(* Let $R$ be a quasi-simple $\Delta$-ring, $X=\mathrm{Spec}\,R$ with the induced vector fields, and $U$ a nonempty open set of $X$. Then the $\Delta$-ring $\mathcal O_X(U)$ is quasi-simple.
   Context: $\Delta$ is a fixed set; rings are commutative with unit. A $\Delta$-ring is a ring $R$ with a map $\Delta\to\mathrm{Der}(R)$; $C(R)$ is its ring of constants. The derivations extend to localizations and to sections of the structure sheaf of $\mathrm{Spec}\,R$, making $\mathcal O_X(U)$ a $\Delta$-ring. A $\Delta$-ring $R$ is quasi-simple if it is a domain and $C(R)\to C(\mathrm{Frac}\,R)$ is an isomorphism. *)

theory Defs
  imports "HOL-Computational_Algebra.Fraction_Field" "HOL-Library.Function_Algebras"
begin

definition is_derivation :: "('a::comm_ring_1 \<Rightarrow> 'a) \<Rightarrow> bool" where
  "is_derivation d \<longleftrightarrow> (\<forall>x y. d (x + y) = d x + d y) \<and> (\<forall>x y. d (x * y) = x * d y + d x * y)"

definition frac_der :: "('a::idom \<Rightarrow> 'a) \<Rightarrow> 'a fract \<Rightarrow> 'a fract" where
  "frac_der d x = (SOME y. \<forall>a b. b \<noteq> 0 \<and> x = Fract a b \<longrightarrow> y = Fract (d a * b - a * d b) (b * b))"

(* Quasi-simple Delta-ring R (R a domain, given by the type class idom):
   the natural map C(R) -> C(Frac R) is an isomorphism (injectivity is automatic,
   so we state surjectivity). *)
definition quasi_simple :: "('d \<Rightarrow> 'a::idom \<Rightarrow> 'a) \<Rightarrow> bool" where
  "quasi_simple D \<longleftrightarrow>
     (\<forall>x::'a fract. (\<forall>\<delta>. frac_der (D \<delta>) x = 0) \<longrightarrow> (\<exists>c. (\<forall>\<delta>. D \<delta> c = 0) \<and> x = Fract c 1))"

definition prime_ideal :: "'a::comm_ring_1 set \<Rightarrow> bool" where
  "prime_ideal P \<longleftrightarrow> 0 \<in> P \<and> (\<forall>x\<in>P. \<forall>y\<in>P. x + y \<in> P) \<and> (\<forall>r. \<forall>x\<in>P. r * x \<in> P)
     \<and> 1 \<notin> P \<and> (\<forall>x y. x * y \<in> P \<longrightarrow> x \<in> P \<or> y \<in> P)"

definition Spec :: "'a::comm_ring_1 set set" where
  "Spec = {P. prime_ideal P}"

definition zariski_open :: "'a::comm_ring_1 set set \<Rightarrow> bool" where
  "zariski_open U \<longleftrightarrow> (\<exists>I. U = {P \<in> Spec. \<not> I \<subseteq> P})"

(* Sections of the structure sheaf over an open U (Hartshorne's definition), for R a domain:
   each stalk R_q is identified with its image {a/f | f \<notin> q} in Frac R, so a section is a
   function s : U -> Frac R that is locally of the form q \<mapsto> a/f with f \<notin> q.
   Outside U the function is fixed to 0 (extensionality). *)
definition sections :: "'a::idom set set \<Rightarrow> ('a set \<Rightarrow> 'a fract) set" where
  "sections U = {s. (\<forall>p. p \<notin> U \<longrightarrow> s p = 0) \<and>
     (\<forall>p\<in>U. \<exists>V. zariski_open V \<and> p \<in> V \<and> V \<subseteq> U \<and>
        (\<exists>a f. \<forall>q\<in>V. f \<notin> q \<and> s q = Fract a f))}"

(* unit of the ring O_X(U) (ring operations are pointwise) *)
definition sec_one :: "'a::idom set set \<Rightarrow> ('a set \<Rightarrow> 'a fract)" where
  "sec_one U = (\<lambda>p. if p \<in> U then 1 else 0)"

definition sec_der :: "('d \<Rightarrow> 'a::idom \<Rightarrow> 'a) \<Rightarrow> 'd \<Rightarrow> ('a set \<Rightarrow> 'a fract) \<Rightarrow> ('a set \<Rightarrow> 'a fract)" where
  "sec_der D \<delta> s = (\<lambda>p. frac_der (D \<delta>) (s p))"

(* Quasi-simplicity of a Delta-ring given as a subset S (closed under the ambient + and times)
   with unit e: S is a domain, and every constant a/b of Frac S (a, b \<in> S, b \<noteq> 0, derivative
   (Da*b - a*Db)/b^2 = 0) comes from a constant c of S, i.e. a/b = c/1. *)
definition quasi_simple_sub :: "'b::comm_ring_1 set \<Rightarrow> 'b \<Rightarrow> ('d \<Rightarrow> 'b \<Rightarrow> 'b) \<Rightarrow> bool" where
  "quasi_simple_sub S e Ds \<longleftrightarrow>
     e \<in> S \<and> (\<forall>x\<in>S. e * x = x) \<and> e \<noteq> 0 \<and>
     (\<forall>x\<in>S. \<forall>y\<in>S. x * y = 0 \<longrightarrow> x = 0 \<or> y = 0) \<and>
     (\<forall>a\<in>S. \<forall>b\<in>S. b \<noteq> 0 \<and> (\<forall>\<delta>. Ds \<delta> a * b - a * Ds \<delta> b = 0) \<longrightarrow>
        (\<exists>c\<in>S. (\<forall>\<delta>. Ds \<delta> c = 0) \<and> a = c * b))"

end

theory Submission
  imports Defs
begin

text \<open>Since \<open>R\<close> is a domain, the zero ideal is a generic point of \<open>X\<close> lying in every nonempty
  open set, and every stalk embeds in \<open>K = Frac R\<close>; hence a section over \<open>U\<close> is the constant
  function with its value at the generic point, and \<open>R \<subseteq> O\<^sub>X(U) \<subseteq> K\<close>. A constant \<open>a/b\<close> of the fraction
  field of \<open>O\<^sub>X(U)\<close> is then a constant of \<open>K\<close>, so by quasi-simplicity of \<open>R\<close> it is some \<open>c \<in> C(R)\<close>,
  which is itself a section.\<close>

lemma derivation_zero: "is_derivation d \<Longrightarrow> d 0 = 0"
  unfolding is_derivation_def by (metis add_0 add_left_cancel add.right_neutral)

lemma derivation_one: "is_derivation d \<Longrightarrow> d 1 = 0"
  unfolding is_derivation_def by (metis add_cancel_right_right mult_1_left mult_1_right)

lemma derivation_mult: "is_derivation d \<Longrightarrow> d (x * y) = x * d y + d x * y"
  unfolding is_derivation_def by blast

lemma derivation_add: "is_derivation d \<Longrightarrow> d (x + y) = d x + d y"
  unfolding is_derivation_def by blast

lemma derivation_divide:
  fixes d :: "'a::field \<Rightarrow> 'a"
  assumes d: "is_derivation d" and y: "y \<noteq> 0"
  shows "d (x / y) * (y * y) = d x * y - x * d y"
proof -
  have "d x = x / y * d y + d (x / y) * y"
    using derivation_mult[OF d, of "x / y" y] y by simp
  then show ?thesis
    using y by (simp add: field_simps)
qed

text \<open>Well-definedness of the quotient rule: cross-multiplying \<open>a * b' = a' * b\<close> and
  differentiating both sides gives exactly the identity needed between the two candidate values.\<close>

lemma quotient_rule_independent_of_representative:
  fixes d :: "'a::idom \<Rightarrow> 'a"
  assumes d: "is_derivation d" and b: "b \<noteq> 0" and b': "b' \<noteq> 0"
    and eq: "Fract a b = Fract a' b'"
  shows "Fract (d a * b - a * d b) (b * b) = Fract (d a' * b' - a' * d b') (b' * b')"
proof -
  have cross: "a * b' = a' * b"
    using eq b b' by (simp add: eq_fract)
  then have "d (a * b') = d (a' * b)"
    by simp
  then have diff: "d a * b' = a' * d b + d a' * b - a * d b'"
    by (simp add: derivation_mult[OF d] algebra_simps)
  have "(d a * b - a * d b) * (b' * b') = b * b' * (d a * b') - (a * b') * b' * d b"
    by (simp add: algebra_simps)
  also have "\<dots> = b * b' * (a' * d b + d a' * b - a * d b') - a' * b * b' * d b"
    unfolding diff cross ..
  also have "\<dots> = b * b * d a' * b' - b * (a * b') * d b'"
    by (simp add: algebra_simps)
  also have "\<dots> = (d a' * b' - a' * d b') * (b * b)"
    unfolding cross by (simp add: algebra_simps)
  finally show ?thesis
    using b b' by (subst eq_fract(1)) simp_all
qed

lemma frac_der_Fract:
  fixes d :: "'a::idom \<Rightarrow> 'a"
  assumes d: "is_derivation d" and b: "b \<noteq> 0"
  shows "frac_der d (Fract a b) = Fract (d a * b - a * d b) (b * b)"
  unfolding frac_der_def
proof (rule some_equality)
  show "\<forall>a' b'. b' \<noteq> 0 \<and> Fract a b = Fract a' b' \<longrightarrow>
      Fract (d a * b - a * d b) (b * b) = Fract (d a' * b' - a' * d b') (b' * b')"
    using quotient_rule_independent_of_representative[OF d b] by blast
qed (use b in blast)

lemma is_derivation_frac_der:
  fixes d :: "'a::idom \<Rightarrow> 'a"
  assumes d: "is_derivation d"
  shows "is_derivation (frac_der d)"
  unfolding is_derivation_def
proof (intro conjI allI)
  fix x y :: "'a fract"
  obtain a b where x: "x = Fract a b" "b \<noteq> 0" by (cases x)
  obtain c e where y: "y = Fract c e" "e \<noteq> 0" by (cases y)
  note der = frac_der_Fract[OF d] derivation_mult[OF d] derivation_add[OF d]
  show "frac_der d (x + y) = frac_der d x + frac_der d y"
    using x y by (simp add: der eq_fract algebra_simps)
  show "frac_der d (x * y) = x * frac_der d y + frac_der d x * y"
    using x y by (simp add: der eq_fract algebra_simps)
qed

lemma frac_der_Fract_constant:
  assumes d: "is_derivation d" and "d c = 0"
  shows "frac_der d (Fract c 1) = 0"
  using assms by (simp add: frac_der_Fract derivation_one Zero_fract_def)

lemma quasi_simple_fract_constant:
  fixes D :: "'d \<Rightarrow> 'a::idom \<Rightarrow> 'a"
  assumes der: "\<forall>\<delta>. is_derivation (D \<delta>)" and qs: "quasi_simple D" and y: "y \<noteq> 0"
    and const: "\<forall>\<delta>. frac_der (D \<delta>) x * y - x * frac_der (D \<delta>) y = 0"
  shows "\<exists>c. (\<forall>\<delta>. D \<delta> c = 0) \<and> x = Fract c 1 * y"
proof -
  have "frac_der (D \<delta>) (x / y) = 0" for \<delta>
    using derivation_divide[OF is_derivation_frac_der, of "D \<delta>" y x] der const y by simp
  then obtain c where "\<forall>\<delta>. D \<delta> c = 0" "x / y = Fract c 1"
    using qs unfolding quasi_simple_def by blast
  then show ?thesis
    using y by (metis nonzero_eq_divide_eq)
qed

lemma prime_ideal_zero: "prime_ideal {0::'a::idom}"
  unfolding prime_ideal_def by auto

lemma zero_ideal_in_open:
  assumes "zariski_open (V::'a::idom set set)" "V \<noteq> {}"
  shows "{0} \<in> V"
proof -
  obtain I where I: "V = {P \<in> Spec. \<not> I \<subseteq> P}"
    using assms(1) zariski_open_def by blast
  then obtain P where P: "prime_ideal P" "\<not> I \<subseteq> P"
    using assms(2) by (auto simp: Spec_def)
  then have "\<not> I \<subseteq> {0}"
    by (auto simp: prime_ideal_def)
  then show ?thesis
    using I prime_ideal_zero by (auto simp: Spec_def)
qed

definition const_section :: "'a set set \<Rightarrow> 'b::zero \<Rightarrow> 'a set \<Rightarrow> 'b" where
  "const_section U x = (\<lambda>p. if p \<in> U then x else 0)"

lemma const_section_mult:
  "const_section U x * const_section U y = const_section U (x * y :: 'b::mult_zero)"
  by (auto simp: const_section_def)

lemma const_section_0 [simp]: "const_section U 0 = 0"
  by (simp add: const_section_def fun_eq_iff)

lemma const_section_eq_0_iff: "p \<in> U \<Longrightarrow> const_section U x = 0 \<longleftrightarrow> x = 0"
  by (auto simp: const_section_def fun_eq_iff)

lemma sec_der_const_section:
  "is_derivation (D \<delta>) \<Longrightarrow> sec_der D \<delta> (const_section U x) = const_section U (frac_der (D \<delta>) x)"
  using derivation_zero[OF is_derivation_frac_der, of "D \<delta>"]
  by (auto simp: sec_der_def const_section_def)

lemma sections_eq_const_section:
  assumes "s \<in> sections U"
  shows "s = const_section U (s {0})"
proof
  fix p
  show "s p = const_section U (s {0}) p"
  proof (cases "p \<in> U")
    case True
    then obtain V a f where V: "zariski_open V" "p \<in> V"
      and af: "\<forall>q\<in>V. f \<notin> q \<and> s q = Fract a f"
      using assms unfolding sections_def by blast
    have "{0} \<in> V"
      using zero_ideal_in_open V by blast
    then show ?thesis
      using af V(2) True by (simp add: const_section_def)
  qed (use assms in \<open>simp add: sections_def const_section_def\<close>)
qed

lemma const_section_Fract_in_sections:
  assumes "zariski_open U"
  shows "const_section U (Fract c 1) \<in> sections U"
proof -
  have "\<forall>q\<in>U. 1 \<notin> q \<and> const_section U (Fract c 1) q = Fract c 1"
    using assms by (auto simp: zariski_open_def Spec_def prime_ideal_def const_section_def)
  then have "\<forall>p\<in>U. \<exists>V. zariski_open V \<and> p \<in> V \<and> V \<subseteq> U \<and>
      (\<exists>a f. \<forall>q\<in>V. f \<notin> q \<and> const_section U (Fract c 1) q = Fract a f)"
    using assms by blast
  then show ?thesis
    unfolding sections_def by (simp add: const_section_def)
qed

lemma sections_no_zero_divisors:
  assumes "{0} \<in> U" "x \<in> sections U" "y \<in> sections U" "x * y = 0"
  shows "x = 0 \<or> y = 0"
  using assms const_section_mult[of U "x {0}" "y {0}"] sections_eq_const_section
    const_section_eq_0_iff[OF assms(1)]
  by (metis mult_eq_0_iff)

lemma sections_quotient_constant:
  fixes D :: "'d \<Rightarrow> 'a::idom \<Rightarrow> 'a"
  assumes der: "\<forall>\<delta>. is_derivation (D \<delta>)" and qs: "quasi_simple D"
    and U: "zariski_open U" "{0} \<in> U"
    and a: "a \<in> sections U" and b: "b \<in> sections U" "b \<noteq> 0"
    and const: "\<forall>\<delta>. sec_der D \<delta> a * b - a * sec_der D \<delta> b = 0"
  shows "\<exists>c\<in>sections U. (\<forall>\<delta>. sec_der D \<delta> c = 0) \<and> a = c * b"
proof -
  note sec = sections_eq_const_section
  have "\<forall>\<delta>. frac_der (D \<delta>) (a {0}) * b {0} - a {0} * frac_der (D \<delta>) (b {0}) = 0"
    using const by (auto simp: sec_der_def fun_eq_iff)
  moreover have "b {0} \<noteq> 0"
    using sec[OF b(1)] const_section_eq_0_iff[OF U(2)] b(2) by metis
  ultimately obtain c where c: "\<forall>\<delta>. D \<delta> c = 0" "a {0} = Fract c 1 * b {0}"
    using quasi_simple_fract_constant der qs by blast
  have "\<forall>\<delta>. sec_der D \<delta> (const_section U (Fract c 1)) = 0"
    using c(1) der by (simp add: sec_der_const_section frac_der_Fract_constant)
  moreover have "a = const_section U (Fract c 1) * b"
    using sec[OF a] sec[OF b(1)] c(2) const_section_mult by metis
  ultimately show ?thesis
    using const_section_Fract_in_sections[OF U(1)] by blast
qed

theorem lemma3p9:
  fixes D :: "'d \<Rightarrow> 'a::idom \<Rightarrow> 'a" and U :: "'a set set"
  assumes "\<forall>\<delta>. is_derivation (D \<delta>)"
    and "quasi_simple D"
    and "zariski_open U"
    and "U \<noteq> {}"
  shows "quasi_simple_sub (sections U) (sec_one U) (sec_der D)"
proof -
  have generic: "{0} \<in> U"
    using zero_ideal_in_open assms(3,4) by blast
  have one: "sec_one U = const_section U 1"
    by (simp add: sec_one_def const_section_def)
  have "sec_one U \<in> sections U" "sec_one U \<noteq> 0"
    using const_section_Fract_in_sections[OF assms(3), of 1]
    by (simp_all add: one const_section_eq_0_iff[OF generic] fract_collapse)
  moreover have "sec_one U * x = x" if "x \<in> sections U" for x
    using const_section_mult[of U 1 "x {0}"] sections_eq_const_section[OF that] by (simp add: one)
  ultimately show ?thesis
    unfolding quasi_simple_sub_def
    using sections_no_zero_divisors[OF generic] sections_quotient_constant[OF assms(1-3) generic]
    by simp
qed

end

::::::

## TASK:
Restate precisely, and with nothing added, the lines from the one with "U \<in> sections" through the final line of the material.

## RESPONSE TO THE TASK:
  have "sec_one U \<in> sections U" "sec_one U \<noteq> 0"
    using const_section_Fract_in_sections[OF assms(3), of 1]
    by (simp_all add: one const_section_eq_0_iff[OF generic] fract_collapse)
  moreover have "sec_one U * x = x" if "x \<in> sections U" for x
    using const_section_mult[of U 1 "x {0}"] sections_eq_const_section[OF that] by (simp add: one)
  ultimately show ?thesis
    unfolding quasi_simple_sub_def
    using sections_no_zero_divisors[OF generic] sections_quotient_constant[OF assms(1-3) generic]
    by simp
qed

end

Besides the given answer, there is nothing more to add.